- PROBLEM REQUIREMENTS -
Copy every line from the one containing "Ck_det[OF U g])" through the last line of the records below, both included, and nothing else.

- Stored data entries -
▼

lemma Ck_mult:
  assumes U: "open U"
  shows "Ck n U f \<Longrightarrow> Ck n U h \<Longrightarrow> Ck n U (\<lambda>x. f x * h x)"
proof (induction n arbitrary: f h)
  case 0
  then show ?case by (simp add: continuous_on_mult)
next
  case (Suc n)
  have "Ck n U (pd j (\<lambda>x. f x * h x))" for j
  proof -
    have "Ck n U f" "Ck n U h" "Ck n U (pd j f)" "Ck n U (pd j h)"
      using Suc.prems Ck_Suc_imp_Ck by simp_all
    then have "Ck n U (\<lambda>x. pd j f x * h x + f x * pd j h x)"
      by (intro Ck_add[OF U] Suc.IH)
    moreover have "\<forall>y\<in>U. pd j (\<lambda>x. f x * h x) y = pd j f y * h y + f y * pd j h y"
      using pd_mult[OF Ck_imp_differentiable_at[OF U Suc.prems(1)] Ck_imp_differentiable_at[OF U Suc.prems(2)]]
      by blast
    ultimately show ?thesis by (rule Ck_eq_on[OF U])
  qed
  moreover have "(\<lambda>x. f x * h x) differentiable_on U"
    using Suc.prems by (intro differentiable_on_mult) simp_all
  ultimately show ?case by (simp only: Ck.simps) blast
qed

lemma Ck_uminus: "open U \<Longrightarrow> Ck n U f \<Longrightarrow> Ck n U (\<lambda>x. - f x)"
  using Ck_mult[OF _ Ck_const[of n U "-1"]] by simp

lemma Ck_diff: "open U \<Longrightarrow> Ck n U f \<Longrightarrow> Ck n U h \<Longrightarrow> Ck n U (\<lambda>x. f x - h x)"
  using Ck_add[OF _ _ Ck_uminus, of U n f h] by simp

lemma Ck_divide_const: "open U \<Longrightarrow> Ck n U f \<Longrightarrow> Ck n U (\<lambda>x. f x / c)"
  using Ck_mult[OF _ _ Ck_const[of n U "inverse c"]] by (simp add: divide_inverse)

lemma Ck_inverse:
  assumes U: "open U" and nz: "\<forall>x\<in>U. f x \<noteq> 0"
  shows "Ck n U f \<Longrightarrow> Ck n U (\<lambda>x. inverse (f x))"
proof (induction n)
  case 0
  then show ?case using nz by (auto intro: continuous_on_inverse)
next
  case (Suc n)
  have inv: "Ck n U (\<lambda>x. inverse (f x))" using Suc.IH Suc.prems Ck_Suc_imp_Ck by blast
  have "Ck n U (pd j (\<lambda>x. inverse (f x)))" for j
  proof -
    have "Ck n U (pd j f)" using Suc.prems by simp
    then have "Ck n U (\<lambda>x. - (pd j f x * (inverse (f x) * inverse (f x))))"
      using Ck_uminus[OF U Ck_mult[OF U _ Ck_mult[OF U inv inv]]] by blast
    moreover have "\<forall>y\<in>U. pd j (\<lambda>x. inverse (f x)) y = - (pd j f y * (inverse (f y) * inverse (f y)))"
      using pd_inverse[OF Ck_imp_differentiable_at[OF U Suc.prems]] nz by blast
    ultimately show ?thesis by (rule Ck_eq_on[OF U])
  qed
  moreover have "(\<lambda>x. inverse (f x)) differentiable_on U"
    using Suc.prems nz by (intro differentiable_on_inverse) auto
  ultimately show ?case by (simp only: Ck.simps) blast
qed

lemma Ck_sum:
  assumes "open U" "finite S" "\<And>i. i \<in> S \<Longrightarrow> Ck n U (f i)"
  shows "Ck n U (\<lambda>x. \<Sum>i\<in>S. f i x)"
  using assms(2,3)
proof (induction S rule: finite_induct)
  case empty
  then show ?case using Ck_const by simp
next
  case (insert i S)
  then show ?case using Ck_add[OF assms(1)] by simp
qed

lemma Ck_prod:
  assumes "open U" "finite S" "\<And>i. i \<in> S \<Longrightarrow> Ck n U (f i)"
  shows "Ck n U (\<lambda>x. \<Prod>i\<in>S. f i x)"
  using assms(2,3)
proof (induction S rule: finite_induct)
  case empty
  then show ?case using Ck_const by simp
next
  case (insert i S)
  then show ?case using Ck_mult[OF assms(1)] by simp
qed

lemma Ck_det:
  assumes "open U" "\<And>r c. Ck n U (M r c)"
  shows "Ck n U (\<lambda>x. det ((\<chi> r c. M r c x) :: real^'n^'n))"
  unfolding det_def
  by (simp, intro Ck_sum[OF assms(1)] Ck_mult[OF assms(1)] Ck_prod[OF assms(1)] Ck_const assms(2))
     (simp_all add: finite_permutations)

section \<open>The inverse metric\<close>

lemma matrix_inv_right_left:
  fixes A :: "'a::semiring_1^'n^'m"
  assumes "invertible A"
  shows "A ** matrix_inv A = mat 1" "matrix_inv A ** A = mat 1"
proof -
  obtain A' where "A ** A' = mat 1 \<and> A' ** A = mat 1" using assms unfolding invertible_def by blast
  then have "A ** matrix_inv A = mat 1 \<and> matrix_inv A ** A = mat 1"
    unfolding matrix_inv_def by (rule someI)
  then show "A ** matrix_inv A = mat 1" "matrix_inv A ** A = mat 1" by simp_all
qed

lemma matrix_inv_cramer:
  fixes A :: "real^'n^'n"
  assumes "invertible A"
  shows "matrix_inv A $ i $ j = det (\<chi> r c. if c = i then (if r = j then 1 else 0) else A $ r $ c) / det A"
proof -
  have "A *v (matrix_inv A *v axis j 1) = axis j 1"
    by (simp add: matrix_vector_mul_assoc matrix_inv_right_left[OF assms])
  then have "matrix_inv A *v axis j 1 = (\<chi> k. det (\<chi> r c. if c = k then axis j 1 $ r else A $ r $ c) / det A)"
    using cramer assms invertible_det_nz by blast
  then have "(matrix_inv A *v axis j 1) $ i = det (\<chi> r c. if c = i then axis j 1 $ r else A $ r $ c) / det A"
    by simp
  moreover have "(matrix_inv A *v axis j 1) $ i = matrix_inv A $ i $ j"
    by (simp add: matrix_vector_mult_basis column_def)
  moreover have "(\<chi> r c. if c = i then axis j 1 $ r else A $ r $ c)
      = (\<chi> r c. if c = i then (if r = j then 1 else 0) else A $ r $ c)"
    by (simp add: axis_def vec_eq_iff)
  ultimately show ?thesis by simp
qed

lemma lorentzian_at_invertible:
  assumes "lorentzian_at g x"
  shows "invertible (gmat g x)"
proof -
  let ?D = "(\<chi> i j. if i = j then (if i = 0 then -1 else 1) else 0) :: real^4^4"
  obtain P :: "real^4^4" where "invertible P" "transpose P ** gmat g x ** P = ?D"
    using assms unfolding lorentzian_at_def by blast
  moreover have "det ?D \<noteq> 0"
    by (subst det_diagonal) (simp_all add: prod_zero_iff)
  ultimately have "det (transpose P ** gmat g x ** P) \<noteq> 0" by simp
  then show ?thesis by (simp add: det_mul invertible_det_nz)
qed

lemma ginv_right:
  assumes "lorentzian_at g x"
  shows "(\<Sum>p\<in>UNIV. g a p x * ginv g p b x) = (if a = b then 1 else 0)"
proof -
  have "(gmat g x ** matrix_inv (gmat g x)) $ a $ b = mat 1 $ a $ b"
    using matrix_inv_right_left(1)[OF lorentzian_at_invertible[OF assms]] by simp
  then show ?thesis by (simp add: matrix_matrix_mult_def mat_def gmat_def ginv_def)
qed

lemma ginv_left:
  assumes "lorentzian_at g x"
  shows "(\<Sum>p\<in>UNIV. ginv g a p x * g p b x) = (if a = b then 1 else 0)"
proof -
  have "(matrix_inv (gmat g x) ** gmat g x) $ a $ b = mat 1 $ a $ b"
    using matrix_inv_right_left(2)[OF lorentzian_at_invertible[OF assms]] by simp
  then show ?thesis by (simp add: matrix_matrix_mult_def mat_def gmat_def ginv_def)
qed

lemma Ck_ginv:
  assumes U: "open U" and g: "\<And>k l. Ck n U (g k l)" and lor: "\<forall>x\<in>U. lorentzian_at g x"
  shows "Ck n U (ginv g i j)"
proof -
  let ?N = "\<lambda>x. det ((\<chi> r c. if c = i then (if r = j then 1 else 0) else g r c x) :: real^4^4)"
  let ?D = "\<lambda>x. det ((\<chi> r c. g r c x) :: real^4^4)"
  have "Ck n U (\<lambda>x. if c = i then (if r = j then 1 else 0) else g r c x)" for r c
    by (cases "c = i") (simp_all add: Ck_const g)
  then have "Ck n U ?N" by (rule Ck_det[OF U])
  moreover have "Ck n U ?D" by (rule Ck_det[OF U g])
  moreover have "\<forall>x\<in>U. ?D x \<noteq> 0"
    using lor lorentzian_at_invertible invertible_det_nz unfolding gmat_def by blast
  ultimately have "Ck n U (\<lambda>x. ?N x * inverse (?D x))"
    by (intro Ck_mult[OF U] Ck_inverse[OF U])
  moreover have "\<forall>x\<in>U. ginv g i j x = ?N x * inverse (?D x)"
  proof
    fix x assume "x \<in> U"
    have inv: "invertible ((\<chi> r c. g r c x) :: real^4^4)"
      using lorentzian_at_invertible lor \<open>x \<in> U\<close> unfolding gmat_def by blast
    have eq:  "((\<chi> r c. if c = i then (if r = j then 1 else 0) else ((\<chi> r c. g r c x) :: real^4^4) $ r $ c) :: real^4^4)
        = (\<chi> r c. if c = i then (if r = j then 1 else 0) else g r c x)"
      by (simp add: vec_eq_iff)
    show "ginv g i j x = ?N x * inverse (?D x)"
      unfolding ginv_def gmat_def matrix_inv_cramer[OF inv] eq by (simp add: divide_inverse)
  qed
  ultimately show ?thesis by (rule Ck_eq_on[OF U])
qed

lemma Ck_trace:
  assumes U: "open U" and g: "\<And>k l. Ck n U (g k l)" and lor: "\<forall>x\<in>U. lorentzian_at g x"
    and K: "\<And>k l. Ck n U (K k l)"
  shows "Ck n U (trace g K)"
proof -
  have "Ck n U (\<lambda>x. ginv g p q x * K p q x)" for p q
    by (rule Ck_mult[OF U Ck_ginv[OF U g lor] K])
  then have "Ck n U (\<lambda>x. \<Sum>p\<in>UNIV. \<Sum>q\<in>UNIV. ginv g p q x * K p q x)"
    by (intro Ck_sum[OF U]) simp_all
  then show ?thesis unfolding trace_def[abs_def] .
qed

▲

- SOLVED PROBLEM -
  moreover have "Ck n U ?D" by (rule Ck_det[OF U g])
  moreover have "\<forall>x\<in>U. ?D x \<noteq> 0"
    using lor lorentzian_at_invertible invertible_det_nz unfolding gmat_def by blast
  ultimately have "Ck n U (\<lambda>x. ?N x * inverse (?D x))"
    by (intro Ck_mult[OF U] Ck_inverse[OF U])
  moreover have "\<forall>x\<in>U. ginv g i j x = ?N x * inverse (?D x)"
  proof
    fix x assume "x \<in> U"
    have inv: "invertible ((\<chi> r c. g r c x) :: real^4^4)"
      using lorentzian_at_invertible lor \<open>x \<in> U\<close> unfolding gmat_def by blast
    have eq:  "((\<chi> r c. if c = i then (if r = j then 1 else 0) else ((\<chi> r c. g r c x) :: real^4^4) $ r $ c) :: real^4^4)
        = (\<chi> r c. if c = i then (if r = j then 1 else 0) else g r c x)"
      by (simp add: vec_eq_iff)
    show "ginv g i j x = ?N x * inverse (?D x)"
      unfolding ginv_def gmat_def matrix_inv_cramer[OF inv] eq by (simp add: divide_inverse)
  qed
  ultimately show ?thesis by (rule Ck_eq_on[OF U])
qed

lemma Ck_trace:
  assumes U: "open U" and g: "\<And>k l. Ck n U (g k l)" and lor: "\<forall>x\<in>U. lorentzian_at g x"
    and K: "\<And>k l. Ck n U (K k l)"
  shows "Ck n U (trace g K)"
proof -
  have "Ck n U (\<lambda>x. ginv g p q x * K p q x)" for p q
    by (rule Ck_mult[OF U Ck_ginv[OF U g lor] K])
  then have "Ck n U (\<lambda>x. \<Sum>p\<in>UNIV. \<Sum>q\<in>UNIV. ginv g p q x * K p q x)"
    by (intro Ck_sum[OF U]) simp_all
  then show ?thesis unfolding trace_def[abs_def] .
qed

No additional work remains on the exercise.